----- Extracted records -----

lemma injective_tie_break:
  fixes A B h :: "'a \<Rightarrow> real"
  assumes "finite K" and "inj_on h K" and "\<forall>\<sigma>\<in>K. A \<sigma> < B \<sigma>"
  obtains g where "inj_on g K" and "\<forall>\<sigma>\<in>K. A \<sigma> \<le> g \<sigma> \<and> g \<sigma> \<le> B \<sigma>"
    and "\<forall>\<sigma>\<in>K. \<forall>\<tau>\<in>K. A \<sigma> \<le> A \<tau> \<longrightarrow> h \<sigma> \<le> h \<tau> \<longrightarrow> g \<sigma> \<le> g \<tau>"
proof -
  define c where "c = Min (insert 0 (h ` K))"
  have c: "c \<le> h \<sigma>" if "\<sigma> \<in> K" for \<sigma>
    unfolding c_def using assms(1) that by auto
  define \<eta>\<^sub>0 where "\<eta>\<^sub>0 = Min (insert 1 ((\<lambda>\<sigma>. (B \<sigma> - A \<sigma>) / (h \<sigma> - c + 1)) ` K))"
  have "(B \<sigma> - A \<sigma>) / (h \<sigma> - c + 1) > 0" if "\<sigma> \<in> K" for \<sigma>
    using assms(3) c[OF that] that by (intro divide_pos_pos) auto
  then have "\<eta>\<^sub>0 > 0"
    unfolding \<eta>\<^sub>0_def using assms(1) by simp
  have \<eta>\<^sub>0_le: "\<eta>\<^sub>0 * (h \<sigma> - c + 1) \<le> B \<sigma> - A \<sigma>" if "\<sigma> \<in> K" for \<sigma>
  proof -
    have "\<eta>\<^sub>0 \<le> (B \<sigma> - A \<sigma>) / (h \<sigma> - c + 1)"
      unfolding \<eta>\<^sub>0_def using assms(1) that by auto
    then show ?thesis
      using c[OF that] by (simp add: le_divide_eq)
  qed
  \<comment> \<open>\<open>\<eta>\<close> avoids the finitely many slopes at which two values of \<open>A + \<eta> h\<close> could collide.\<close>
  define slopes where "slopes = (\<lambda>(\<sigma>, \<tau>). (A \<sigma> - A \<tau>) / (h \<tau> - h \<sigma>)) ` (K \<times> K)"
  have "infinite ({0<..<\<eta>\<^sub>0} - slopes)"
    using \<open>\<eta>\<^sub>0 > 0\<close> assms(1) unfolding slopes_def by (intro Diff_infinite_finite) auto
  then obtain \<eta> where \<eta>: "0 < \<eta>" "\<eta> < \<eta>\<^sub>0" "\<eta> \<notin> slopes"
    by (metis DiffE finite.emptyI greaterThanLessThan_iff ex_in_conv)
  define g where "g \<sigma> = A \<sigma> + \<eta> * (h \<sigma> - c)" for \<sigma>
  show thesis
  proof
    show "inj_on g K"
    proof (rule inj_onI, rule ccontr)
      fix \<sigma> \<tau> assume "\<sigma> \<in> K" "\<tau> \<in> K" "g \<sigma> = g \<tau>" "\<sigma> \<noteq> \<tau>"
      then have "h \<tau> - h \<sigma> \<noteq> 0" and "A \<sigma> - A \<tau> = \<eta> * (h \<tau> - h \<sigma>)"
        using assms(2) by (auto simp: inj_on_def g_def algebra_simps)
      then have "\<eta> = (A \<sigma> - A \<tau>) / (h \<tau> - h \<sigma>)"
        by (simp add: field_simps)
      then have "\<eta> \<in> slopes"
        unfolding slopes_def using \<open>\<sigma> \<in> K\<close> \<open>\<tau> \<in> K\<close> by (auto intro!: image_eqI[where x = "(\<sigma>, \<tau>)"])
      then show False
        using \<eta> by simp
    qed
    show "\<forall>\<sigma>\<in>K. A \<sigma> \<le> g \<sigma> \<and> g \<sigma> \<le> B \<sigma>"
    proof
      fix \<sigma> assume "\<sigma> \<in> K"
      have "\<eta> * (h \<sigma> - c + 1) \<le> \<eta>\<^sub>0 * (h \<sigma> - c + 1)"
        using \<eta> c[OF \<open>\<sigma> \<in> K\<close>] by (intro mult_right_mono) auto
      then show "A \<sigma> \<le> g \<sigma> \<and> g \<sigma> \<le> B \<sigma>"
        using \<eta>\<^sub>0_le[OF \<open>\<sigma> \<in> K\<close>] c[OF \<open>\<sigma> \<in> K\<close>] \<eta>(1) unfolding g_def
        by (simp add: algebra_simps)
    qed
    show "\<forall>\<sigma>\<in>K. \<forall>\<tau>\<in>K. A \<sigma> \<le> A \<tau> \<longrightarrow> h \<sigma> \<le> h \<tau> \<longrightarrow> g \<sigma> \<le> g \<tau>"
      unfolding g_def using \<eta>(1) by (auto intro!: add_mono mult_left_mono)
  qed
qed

-----

◆ Prompt: Please copy exactly, and only, the lines from the line containing "show thesis" through the last line of the records, with both ends included.

◆ Problem solution:
  show thesis
  proof
    show "inj_on g K"
    proof (rule inj_onI, rule ccontr)
      fix \<sigma> \<tau> assume "\<sigma> \<in> K" "\<tau> \<in> K" "g \<sigma> = g \<tau>" "\<sigma> \<noteq> \<tau>"
      then have "h \<tau> - h \<sigma> \<noteq> 0" and "A \<sigma> - A \<tau> = \<eta> * (h \<tau> - h \<sigma>)"
        using assms(2) by (auto simp: inj_on_def g_def algebra_simps)
      then have "\<eta> = (A \<sigma> - A \<tau>) / (h \<tau> - h \<sigma>)"
        by (simp add: field_simps)
      then have "\<eta> \<in> slopes"
        unfolding slopes_def using \<open>\<sigma> \<in> K\<close> \<open>\<tau> \<in> K\<close> by (auto intro!: image_eqI[where x = "(\<sigma>, \<tau>)"])
      then show False
        using \<eta> by simp
    qed
    show "\<forall>\<sigma>\<in>K. A \<sigma> \<le> g \<sigma> \<and> g \<sigma> \<le> B \<sigma>"
    proof
      fix \<sigma> assume "\<sigma> \<in> K"
      have "\<eta> * (h \<sigma> - c + 1) \<le> \<eta>\<^sub>0 * (h \<sigma> - c + 1)"
        using \<eta> c[OF \<open>\<sigma> \<in> K\<close>] by (intro mult_right_mono) auto
      then show "A \<sigma> \<le> g \<sigma> \<and> g \<sigma> \<le> B \<sigma>"
        using \<eta>\<^sub>0_le[OF \<open>\<sigma> \<in> K\<close>] c[OF \<open>\<sigma> \<in> K\<close>] \<eta>(1) unfolding g_def
        by (simp add: algebra_simps)
    qed
    show "\<forall>\<sigma>\<in>K. \<forall>\<tau>\<in>K. A \<sigma> \<le> A \<tau> \<longrightarrow> h \<sigma> \<le> h \<tau> \<longrightarrow> g \<sigma> \<le> g \<tau>"
      unfolding g_def using \<eta>(1) by (auto intro!: add_mono mult_left_mono)
  qed
qed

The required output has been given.